Some Hadoop compression codecs became more available in recent Hadoop 3.x releases, addressed by
HBASE-25940. This is nice but still requires native platform support, which to state the obvious is not available on all platforms and architectures, even if native libaries for some are bundled into jars.
Airlift's aircompressor (https://search.maven.org/artifact/io.airlift/aircompressor) is an Apache 2 licensed library, for Java 8 and up, available in Maven central, which provides pure Java implementations of desirable compression algorithms gzip, lz4, lzo, snappy, and zstd, and Hadoop compression codecs for same, claiming "they are typically 300% faster than the JNI wrappers." (https://github.com/airlift/aircompressor). This library is under active development and has up to date releases because it is used by Trino.
We have another project that depends on universal availability of SNAPPY. I would like to make this change as a general improvement which also satisfies that requirement. (The as yet unnamed project will be contributed later.) It will be a very nice-to-have to have universal ZSTD support available as well.
- Modify Compression.java such that compression codec implementation classes can be specified by configuration.
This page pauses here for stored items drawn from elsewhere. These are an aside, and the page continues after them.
lemma poly_root_if_degree_1:
  fixes q :: "'a::field poly"
  assumes "degree q = 1"
  shows "poly q (- coeff q 0 / coeff q 1) = 0"
proof -
  have q: "q = [:coeff q 0, coeff q 1:]"
  proof (rule poly_eqI)
    fix n
    show "coeff q n = coeff [:coeff q 0, coeff q 1:] n"
      using assms coeff_eq_0[of q n] by (cases n; cases "n - 1") auto
  qed
  have "coeff q 1 \<noteq> 0"
    using assms by (metis One_nat_def degree_0 leading_coeff_0_iff zero_neq_one)
  have "poly q (- coeff q 0 / coeff q 1) = coeff q 0 + (- coeff q 0 / coeff q 1) * coeff q 1"
    by (subst q) simp
  with \<open>coeff q 1 \<noteq> 0\<close> show ?thesis
    by simp
qed

lemma pcompose_power_left: "pcompose (r ^ n) q = pcompose r q ^ n"
  by (induction n) (simp_all add: pcompose_1 pcompose_mult)

lemma pcompose_shift_shift:
  "pcompose (pcompose A [:a, 1:]) [:b, 1:] = pcompose A [:a + b, 1::'a::comm_ring_1:]"
  by (simp add: pcompose_assoc[symmetric] pcompose_pCons add.commute)

lemma degree_pcompose_shift: "degree (pcompose A [:c, 1::'a::idom:]) = degree A"
  by (simp add: degree_pcompose)

lemma pcompose_shift_dvd:
  "A dvd B \<Longrightarrow> pcompose A [:c, 1:] dvd pcompose B [:c, 1::'a::comm_ring_1:]"
  by (auto simp: pcompose_mult elim!: dvdE)

lemma irreducible_pcompose_shift:
  fixes A :: "'a::field poly"
  assumes "irreducible A"
  shows "irreducible (pcompose A [:c, 1:])"
proof (rule irreducibleI)
  have "degree (pcompose A [:c, 1:]) > 0"
    using assms by (auto simp: degree_pcompose_shift irreducible_def is_unit_iff_degree)
  moreover from this show nonzero: "pcompose A [:c, 1:] \<noteq> 0"
    by auto
  ultimately show "\<not> is_unit (pcompose A [:c, 1:])"
    by (simp add: is_unit_iff_degree)
  fix B C
  assume "pcompose A [:c, 1:] = B * C"
  then have "A = pcompose B [:-c, 1:] * pcompose C [:-c, 1:]"
    by (metis pcompose_mult pcompose_shift_shift add.right_inverse pcompose_idR)
  then have "is_unit (pcompose B [:-c, 1:]) \<or> is_unit (pcompose C [:-c, 1:])"
    using assms irreducibleD by blast
  moreover have "B \<noteq> 0" "C \<noteq> 0"
    using nonzero \<open>pcompose A [:c, 1:] = B * C\<close> by auto
  ultimately show "is_unit B \<or> is_unit C"
    by (auto simp: is_unit_iff_degree degree_pcompose_shift pcompose_eq_0_iff)
qed

lemma pcompose_shift_eq_if_dvd:
  fixes B :: "'a::field poly"
  assumes "B dvd pcompose B [:c, 1:]"
  shows "pcompose B [:c, 1:] = B"
proof (cases "B = 0")
  case False
  from assms obtain k where k: "pcompose B [:c, 1:] = B * k"
    by (elim dvdE)
  with False have "k \<noteq> 0"
    by (auto simp: pcompose_eq_0_iff)
  with k False have "degree k = 0"
    using degree_pcompose_shift[of B c] by (simp add: degree_mult_eq)
  then obtain \<kappa> where "k = [:\<kappa>:]"
    by (metis degree_eq_zeroE)
  moreover have "lead_coeff B * coeff k 0 = lead_coeff B"
    using arg_cong[OF k, of lead_coeff] \<open>degree k = 0\<close>
    by (simp add: lead_coeff_comp lead_coeff_mult)
  ultimately show ?thesis
    using False k by simp
qed simp

lemma inj_on_of_nat_lessThan_CHAR: "inj_on (of_nat :: nat \<Rightarrow> 'a::ring_1) {..<CHAR('a)}"
proof -
  have "i = j" if "i \<le> j" "j < CHAR('a)" "(of_nat i :: 'a) = of_nat j" for i j
  proof -
    have "CHAR('a) dvd j - i"
      using that by (simp add: of_nat_eq_0_iff_char_dvd[symmetric] of_nat_diff)
    with that show ?thesis
      by (metis diff_le_self dvd_imp_le le_antisym le_less_trans nat_less_le zero_less_diff)
  qed
  then show ?thesis
    by (metis inj_onI lessThan_iff nat_le_linear)
qed

lemma degree_eq_0_if_pcompose_shift_eq:
  fixes B :: "'a::field poly"
  assumes "pcompose B [:c, 1:] = B" "c \<noteq> 0" "degree B < CHAR('a)"
  shows "degree B = 0"
proof (rule ccontr)
  assume "degree B \<noteq> 0"
  define Q where "Q = B - [:poly B 0:]"
  have degree_Q: "degree Q = degree B"
    using \<open>degree B \<noteq> 0\<close> by (simp add: Q_def diff_conv_add_uminus degree_add_eq_left)
  then have "Q \<noteq> 0"
    using \<open>degree B \<noteq> 0\<close> by auto
  have "poly B (c + x) = poly B x" for x
    using arg_cong[OF assms(1), of "\<lambda>q. poly q x"] by (simp add: poly_pcompose)
  then have "poly B (of_nat m * c) = poly B 0" for m
    by (induction m) (simp_all add: distrib_right)
  then have "(\<lambda>m. of_nat m * c) ` {..<CHAR('a)} \<subseteq> {x. poly Q x = 0}"
    by (auto simp: Q_def)
  moreover have "inj_on (\<lambda>m. of_nat m * c) {..<CHAR('a)}"
    using inj_on_of_nat_lessThan_CHAR assms(2) by (auto simp: inj_on_def)
  ultimately have "CHAR('a) \<le> card {x. poly Q x = 0}"
    using poly_roots_finite[OF \<open>Q \<noteq> 0\<close>] by (metis card_image card_lessThan card_mono)
  also have "\<dots> \<le> degree Q"
    using \<open>Q \<noteq> 0\<close> by (rule card_poly_roots_bound)
  finally show False
    using degree_Q assms(3) by simp
qed

lemma coprime_pcompose_shifts:
  fixes A :: "'a::field poly"
  assumes "irreducible A" "degree A < CHAR('a)"
    and "i < CHAR('a)" "j < CHAR('a)" "i \<noteq> j"
  shows "coprime (pcompose A [:of_nat i, 1:]) (pcompose A [:of_nat j, 1:])"
proof (rule irreducible_imp_coprime)
  let ?Ai = "pcompose A [:of_nat i, 1:]" and ?Aj = "pcompose A [:of_nat j, 1:]"
  show "irreducible ?Ai"
    using assms(1) by (rule irreducible_pcompose_shift)
  show "\<not> ?Ai dvd ?Aj"
  proof
    assume "?Ai dvd ?Aj"
    moreover have "?Aj = pcompose ?Ai [:of_nat j - of_nat i, 1:]"
      by (simp add: pcompose_shift_shift)
    ultimately have "pcompose ?Ai [:of_nat j - of_nat i, 1:] = ?Ai"
      by (metis pcompose_shift_eq_if_dvd)
    moreover have "of_nat j - of_nat i \<noteq> (0 :: 'a)"
      using inj_on_of_nat_lessThan_CHAR assms(3-5) by (auto simp: inj_on_def)
    ultimately have "degree A = 0"
      using assms(2) degree_eq_0_if_pcompose_shift_eq[of ?Ai] by (simp add: degree_pcompose_shift)
    with assms(1) show False
      by (auto simp: irreducible_def is_unit_iff_degree)
  qed
qed

lemma CHAR_mult_degree_le_if_shift_invariant:
  fixes A P :: "'a::field poly"
  assumes "irreducible A" "A dvd P" "P \<noteq> 0" "degree A < CHAR('a)"
    and "\<And>i. pcompose P [:of_nat i, 1:] = P"
  shows "CHAR('a) * degree A \<le> degree P"
proof -
  define shift where "shift i = pcompose A [:of_nat i, 1:]" for i :: nat
  have "shift i dvd P" for i
    using pcompose_shift_dvd[OF assms(2), of "of_nat i"] assms(5) by (simp add: shift_def)
  moreover have "coprime (shift i) (shift j)" if "i < CHAR('a)" "j < CHAR('a)" "i \<noteq> j" for i j
    using coprime_pcompose_shifts assms(1,4) that by (simp add: shift_def)
  ultimately have "prod shift {..<CHAR('a)} dvd P"
    by (intro prod_dvd_if_pairwise_coprime) auto
  moreover have "shift i \<noteq> 0" for i
    using irreducible_pcompose_shift[OF assms(1), of "of_nat i"] by (auto simp: shift_def)
  then have "degree (prod shift {..<CHAR('a)}) = CHAR('a) * degree A"
    by (simp add: degree_prod_eq_sum_degree shift_def degree_pcompose_shift)
  ultimately show ?thesis
    using dvd_imp_degree_le[OF _ assms(3)] by metis
qed

lemma pcompose_artin_schreier_shift:
  fixes t c :: "'a::field"
  assumes "prime CHAR('a)" "c ^ CHAR('a) = c"
  shows "pcompose ([:0, 1:] ^ CHAR('a) - [:t, 1:]) [:c, 1:] = [:0, 1:] ^ CHAR('a) - [:t, 1:]"
proof -
  have "[:c, 1:] ^ CHAR('a) = ([:0, 1:] + [:c:]) ^ CHAR('a)"
    by simp
  also have "\<dots> = [:0, 1:] ^ CHAR('a) + [:c:] ^ CHAR('a)"
    by (rule freshmans_dream) (use assms(1) in simp_all)
  also have "[:c:] ^ CHAR('a) = [:c:]"
    using assms(2) by (simp add: poly_const_pow)
  finally show ?thesis
    by (simp add: pcompose_diff pcompose_pCons pcompose_power_left)
qed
Currently they are hardcoded as strings.
- Pull in aircompressor as a 'compile' time dependency so it will be bundled into our build and made available on the server classpath.
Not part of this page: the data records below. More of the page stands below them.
lemma card_strict_pairs:
  "2 * card {(i, j). 1 \<le> i \<and> i < j \<and> j \<le> n} = n * (n - 1)"
proof (induction n)
  case (Suc n)
  have "{(i, j). 1 \<le> i \<and> i < j \<and> j \<le> Suc n}
      = {(i, j). 1 \<le> i \<and> i < j \<and> j \<le> n} \<union> (\<lambda>i. (i, Suc n)) ` {1..n}"
    by auto
  moreover have "finite {(i, j). 1 \<le> i \<and> i < j \<and> j \<le> n}"
    by (rule finite_subset[of _ "{1..n} \<times> {1..n}"]) auto
  ultimately have "card {(i, j). 1 \<le> i \<and> i < j \<and> j \<le> Suc n}
      = card {(i, j). 1 \<le> i \<and> i < j \<and> j \<le> n} + card ((\<lambda>i. (i, Suc n)) ` {1..n})"
    by (simp only:) (rule card_Un_disjoint; auto)
  also have "card ((\<lambda>i. (i, Suc n)) ` {1..n}) = n"
    by (simp add: card_image inj_on_def)
  finally show ?case
    using Suc by (cases n) auto
qed (auto simp: card_eq_0_iff)

lemma (in prob_space) Hoeffding_weighted_sum:
  fixes Z :: "'i \<Rightarrow> 'a \<Rightarrow> real" and w :: "'i \<Rightarrow> real"
  assumes "finite I" and "indep_vars (\<lambda>_. borel) Z I"
    and "\<And>k x. k \<in> I \<Longrightarrow> x \<in> space M \<Longrightarrow> \<bar>Z k x\<bar> \<le> 1"
    and "(\<Sum>k\<in>I. (w k)\<^sup>2) > 0" and "A \<ge> 0"
  shows "prob {x \<in> space M. A * sqrt (\<Sum>k\<in>I. (w k)\<^sup>2)
                 \<le> \<bar>(\<Sum>k\<in>I. w k * Z k x) - (\<Sum>k\<in>I. w k * expectation (Z k))\<bar>}
           \<le> 2 * exp (- (A\<^sup>2 / 2))"
proof -
  have "indep_vars (\<lambda>_. borel) (\<lambda>k x. w k * Z k x) I"
    using assms(2) by (rule indep_vars_compose2) measurable
  moreover have "AE x in M. w k * Z k x \<in> {- \<bar>w k\<bar>..\<bar>w k\<bar>}" if "k \<in> I" for k
  proof (rule AE_I2)
    fix x assume "x \<in> space M"
    then have "\<bar>w k * Z k x\<bar> \<le> \<bar>w k\<bar>"
      using assms(3)[OF that] by (simp add: abs_mult mult_left_le)
    then show "w k * Z k x \<in> {- \<bar>w k\<bar>..\<bar>w k\<bar>}"
      by (auto simp: abs_le_iff)
  qed
  ultimately interpret Hoeffding_ineq M I "\<lambda>k x. w k * Z k x" "\<lambda>k. - \<bar>w k\<bar>" "\<lambda>k. \<bar>w k\<bar>"
      "\<Sum>k\<in>I. w k * expectation (Z k)"
    using assms(1) by unfold_locales auto
  have "(\<Sum>k\<in>I. (\<bar>w k\<bar> - - \<bar>w k\<bar>)\<^sup>2) = 4 * (\<Sum>k\<in>I. (w k)\<^sup>2)"
    by (simp add: sum_distrib_left power2_eq_square)
  then show ?thesis
    using Hoeffding_ineq_abs_ge[of "A * sqrt (\<Sum>k\<in>I. (w k)\<^sup>2)"] assms(4,5)
    by (simp add: power_mult_distrib)
qed

lemma (in prob_space) prob_ge_one_minus_union_bound:
  assumes "S \<in> events" and "finite K" and "\<And>k. k \<in> K \<Longrightarrow> B k \<in> events"
    and "space M - S \<subseteq> (\<Union>k\<in>K. B k)"
  shows "prob S \<ge> 1 - (\<Sum>k\<in>K. prob (B k))"
proof -
  have "1 - prob S = prob (space M - S)"
    using prob_compl[OF assms(1)] by simp
  also have "\<dots> \<le> prob (\<Union>k\<in>K. B k)"
    using assms(2-4) by (intro finite_measure_mono) auto
  also have "\<dots> \<le> (\<Sum>k\<in>K. prob (B k))"
    using assms(2,3) by (intro finite_measure_subadditive_finite) auto
  finally show ?thesis by simp
qed

lemma (in prob_space) prob_maxnorm_gt_le:
  fixes D :: "nat \<Rightarrow> nat \<Rightarrow> 'a \<Rightarrow> real"
  assumes "n \<ge> 1" and "e \<ge> 0"
    and "\<And>i j. i \<in> {1..n} \<Longrightarrow> j \<in> {1..n} \<Longrightarrow> D i j \<in> borel_measurable M"
    and "\<And>i j \<omega>. D i j \<omega> = D j i \<omega>" and "\<And>i \<omega>. i \<in> {1..n} \<Longrightarrow> D i i \<omega> = 0"
    and "\<And>i j. 1 \<le> i \<Longrightarrow> i < j \<Longrightarrow> j \<le> n \<Longrightarrow> prob {\<omega> \<in> space M. e \<le> \<bar>D i j \<omega>\<bar>} \<le> p"
  shows "prob {\<omega> \<in> space M. e < maxnorm n (\<lambda>i j. D i j \<omega>)} \<le> real n * (real n - 1) / 2 * p"
proof -
  define P where "P = {(i, j). 1 \<le> i \<and> i < j \<and> j \<le> n}"
  define B where "B = (\<lambda>(i, j). {\<omega> \<in> space M. e \<le> \<bar>D i j \<omega>\<bar>})"
  have "finite P"
    unfolding P_def by (rule finite_subset[of _ "{1..n} \<times> {1..n}"]) auto
  have B_events: "B ij \<in> events" if "ij \<in> P" for ij
    using that assms(3) unfolding P_def B_def by (auto split: prod.splits)
  have "{\<omega> \<in> space M. e < maxnorm n (\<lambda>i j. D i j \<omega>)} \<subseteq> (\<Union>ij\<in>P. B ij)"
  proof
    fix \<omega> assume "\<omega> \<in> {\<omega> \<in> space M. e < maxnorm n (\<lambda>i j. D i j \<omega>)}"
    then obtain i j where "i \<in> {1..n}" "j \<in> {1..n}" "e < \<bar>D i j \<omega>\<bar>" "\<omega> \<in> space M"
      using maxnorm_le_iff[OF assms(1), of "\<lambda>i j. D i j \<omega>" e] by (auto simp: not_le)
    moreover have "i \<noteq> j"
      using calculation assms(2,5) by auto
    ultimately show "\<omega> \<in> (\<Union>ij\<in>P. B ij)"
      unfolding P_def B_def using assms(4)[of i j \<omega>]
      by (cases i j rule: linorder_cases) force+
  qed
  then have "prob {\<omega> \<in> space M. e < maxnorm n (\<lambda>i j. D i j \<omega>)} \<le> prob (\<Union>ij\<in>P. B ij)"
    using \<open>finite P\<close> B_events by (intro finite_measure_mono) auto
  also have "\<dots> \<le> (\<Sum>ij\<in>P. prob (B ij))"
    using \<open>finite P\<close> B_events by (intro finite_measure_subadditive_finite) auto
  also have "\<dots> \<le> real (card P) * p"
    using assms(6) unfolding P_def B_def by (intro sum_bounded_above) auto
  also have "real (card P) = real n * (real n - 1) / 2"
  proof -
    have "real (2 * card P) = real (n * (n - 1))"
      unfolding P_def card_strict_pairs ..
    then show ?thesis
      using assms(1) by simp
  qed
  finally show ?thesis .
qed

definition window_weight :: "nat \<Rightarrow> nat \<Rightarrow> nat \<Rightarrow> real" where
  "window_weight a t k = (if k \<in> {t - a + 1..t} then 1 / real a else 0)"

lemma window_average_eq_weighted_sum:
  assumes "a \<le> b"
  shows "1 / real a * (\<Sum>k\<in>{t - a + 1..t}. f k) = (\<Sum>k\<in>{t - b + 1..t}. window_weight a t k * f k)"
proof -
  have "(\<Sum>k\<in>{t - b + 1..t}. window_weight a t k * f k)
      = (\<Sum>k\<in>{t - b + 1..t}. if k \<in> {t - a + 1..t} then f k / real a else 0)"
    unfolding window_weight_def by (intro sum.cong) auto
  also have "\<dots> = (\<Sum>k\<in>{t - b + 1..t} \<inter> {t - a + 1..t}. f k / real a)"
    by (simp only: sum.inter_restrict finite_atLeastAtMost)
  also have "{t - b + 1..t} \<inter> {t - a + 1..t} = {t - a + 1..t}"
    using assms by auto
  finally show ?thesis
    by (simp add: sum_divide_distrib)
qed

lemma sum_window_weight_mult:
  assumes "1 \<le> a" "a \<le> b" "a \<le> c" "a \<le> t"
  shows "(\<Sum>k\<in>{t - b + 1..t}. window_weight a t k * window_weight c t k) = 1 / real c"
proof -
  have "(\<Sum>k\<in>{t - b + 1..t}. window_weight a t k * window_weight c t k)
      = 1 / real a * (\<Sum>k\<in>{t - a + 1..t}. window_weight c t k)"
    using assms(2) by (rule window_average_eq_weighted_sum[symmetric])
  also have "(\<Sum>k\<in>{t - a + 1..t}. window_weight c t k) = (\<Sum>k\<in>{t - a + 1..t}. 1 / real c)"
    using assms unfolding window_weight_def by (intro sum.cong) auto
  also have "\<dots> = real a / real c"
    using assms(4) by simp
  finally show ?thesis
    using assms(1) by simp
qed

lemma emp_corr_sym: "emp_corr l X a t \<omega> i j = emp_corr l X a t \<omega> j i"
  unfolding emp_corr_def by (simp add: mult.commute)

lemma avg_corr_sym: "avg_corr M l X a t i j = avg_corr M l X a t j i"
  unfolding avg_corr_def corr_def by (simp add: mult.commute)

locale sign_labelled_inputs = prob_space M for M :: "'a measure" +
  fixes X :: "nat \<Rightarrow> 'a \<Rightarrow> 'b::topological_space" and l :: "nat \<Rightarrow> 'b \<Rightarrow> real" and n :: nat
  assumes random_variable_X [measurable]: "\<And>k. X k \<in> borel_measurable M"
    and indep_X: "indep_vars (\<lambda>_. borel) X {1..}"
    and measurable_label: "\<And>i. i \<in> {1..n} \<Longrightarrow> l i \<in> borel_measurable borel"
    and label_sign: "\<And>i x. i \<in> {1..n} \<Longrightarrow> l i x \<in> {-1, 1}"
begin

lemma abs_label_mult: "i \<in> {1..n} \<Longrightarrow> j \<in> {1..n} \<Longrightarrow> \<bar>l i x * l j x\<bar> = 1"
  using label_sign[of i x] label_sign[of j x] by (auto simp: abs_mult)

lemma label_mult_self: "i \<in> {1..n} \<Longrightarrow> l i x * l i x = 1"
  using label_sign[of i x] by auto

lemma borel_measurable_label_mult:
  assumes "i \<in> {1..n}" "j \<in> {1..n}"
  shows "(\<lambda>x. l i x * l j x) \<in> borel_measurable borel"
proof -
  note [measurable] = measurable_label[OF assms(1)] measurable_label[OF assms(2)]
  show ?thesis by measurable
qed

lemma corr_eq_expectation:
  assumes "i \<in> {1..n}" "j \<in> {1..n}"
  shows "corr M l X k i j = expectation (\<lambda>\<omega>. l i (X k \<omega>) * l j (X k \<omega>))"
  unfolding corr_def by (rule integral_distr[OF random_variable_X borel_measurable_label_mult[OF assms]])

lemma avg_corr_diag:
  assumes "i \<in> {1..n}" "1 \<le> a" "a \<le> t"
  shows "avg_corr M l X a t i i = 1"
  using assms by (simp add: avg_corr_def corr_eq_expectation label_mult_self prob_space)

lemma emp_corr_diag:
  assumes "i \<in> {1..n}" "1 \<le> a" "a \<le> t"
  shows "emp_corr l X a t \<omega> i i = 1"
  using assms by (simp add: emp_corr_def label_mult_self)

lemma borel_measurable_emp_corr:
  "i \<in> {1..n} \<Longrightarrow> j \<in> {1..n} \<Longrightarrow> (\<lambda>\<omega>. emp_corr l X a t \<omega> i j) \<in> borel_measurable M"
  unfolding emp_corr_def
  using measurable_compose[OF random_variable_X borel_measurable_label_mult] by measurable

lemma prob_weighted_corr_deviation:
  assumes "i \<in> {1..n}" "j \<in> {1..n}" and "finite I" "I \<subseteq> {1..}"
    and "(\<Sum>k\<in>I. (w k)\<^sup>2) > 0" and "A \<ge> 0"
  shows "prob {\<omega> \<in> space M. A * sqrt (\<Sum>k\<in>I. (w k)\<^sup>2)
              \<le> \<bar>(\<Sum>k\<in>I. w k * (l i (X k \<omega>) * l j (X k \<omega>))) - (\<Sum>k\<in>I. w k * corr M l X k i j)\<bar>}
           \<le> 2 * exp (- (A\<^sup>2 / 2))"
proof -
  have "indep_vars (\<lambda>_. borel) (\<lambda>k \<omega>. l i (X k \<omega>) * l j (X k \<omega>)) I"
    using indep_vars_subset[OF indep_X assms(4)] borel_measurable_label_mult[OF assms(1,2)]
    by (rule indep_vars_compose2)
  from Hoeffding_weighted_sum[OF assms(3) this _ assms(5,6)] show ?thesis
    using assms(1,2) by (simp add: abs_label_mult corr_eq_expectation)
qed

lemma prob_emp_corr_deviation:
  assumes "i \<in> {1..n}" "j \<in> {1..n}" and "1 \<le> a" "a \<le> t" and "A \<ge> 0"
  shows "prob {\<omega> \<in> space M. A / sqrt (real a)
              \<le> \<bar>avg_corr M l X a t i j - emp_corr l X a t \<omega> i j\<bar>}
           \<le> 2 * exp (- (A\<^sup>2 / 2))"
proof -
  let ?W = "{t - a + 1..t}"
  have sum_sq: "(\<Sum>k\<in>?W. (window_weight a t k)\<^sup>2) = 1 / real a"
    using sum_window_weight_mult[of a a a t] assms(3,4) by (simp add: power2_eq_square)
  have "emp_corr l X a t \<omega> i j = (\<Sum>k\<in>?W. window_weight a t k * (l i (X k \<omega>) * l j (X k \<omega>)))" for \<omega>
    unfolding emp_corr_def by (rule window_average_eq_weighted_sum) simp
  moreover have "avg_corr M l X a t i j = (\<Sum>k\<in>?W. window_weight a t k * corr M l X k i j)"
    unfolding avg_corr_def by (rule window_average_eq_weighted_sum) simp
  ultimately show ?thesis
    using prob_weighted_corr_deviation[OF assms(1,2), of ?W "window_weight a t" A] sum_sq assms(3,5)
    by (simp add: abs_minus_commute real_sqrt_divide)
qed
- Modify Compression.java to fall back to an aircompressor pure Java implementation if schema specifies a compression algorithm, a Hadoop native codec was specified as desired implementation, but the requisite native support is somehow not available.
The combination of these changes will provide universal (pure Java) support for these desired and desirable compression codecs while retaining default behavior, which is to load and utilize Hadoop native implementations of same, if native support is available. They will also let you override this default if you wish to chase the claimed benefits of the pure Java alternatives.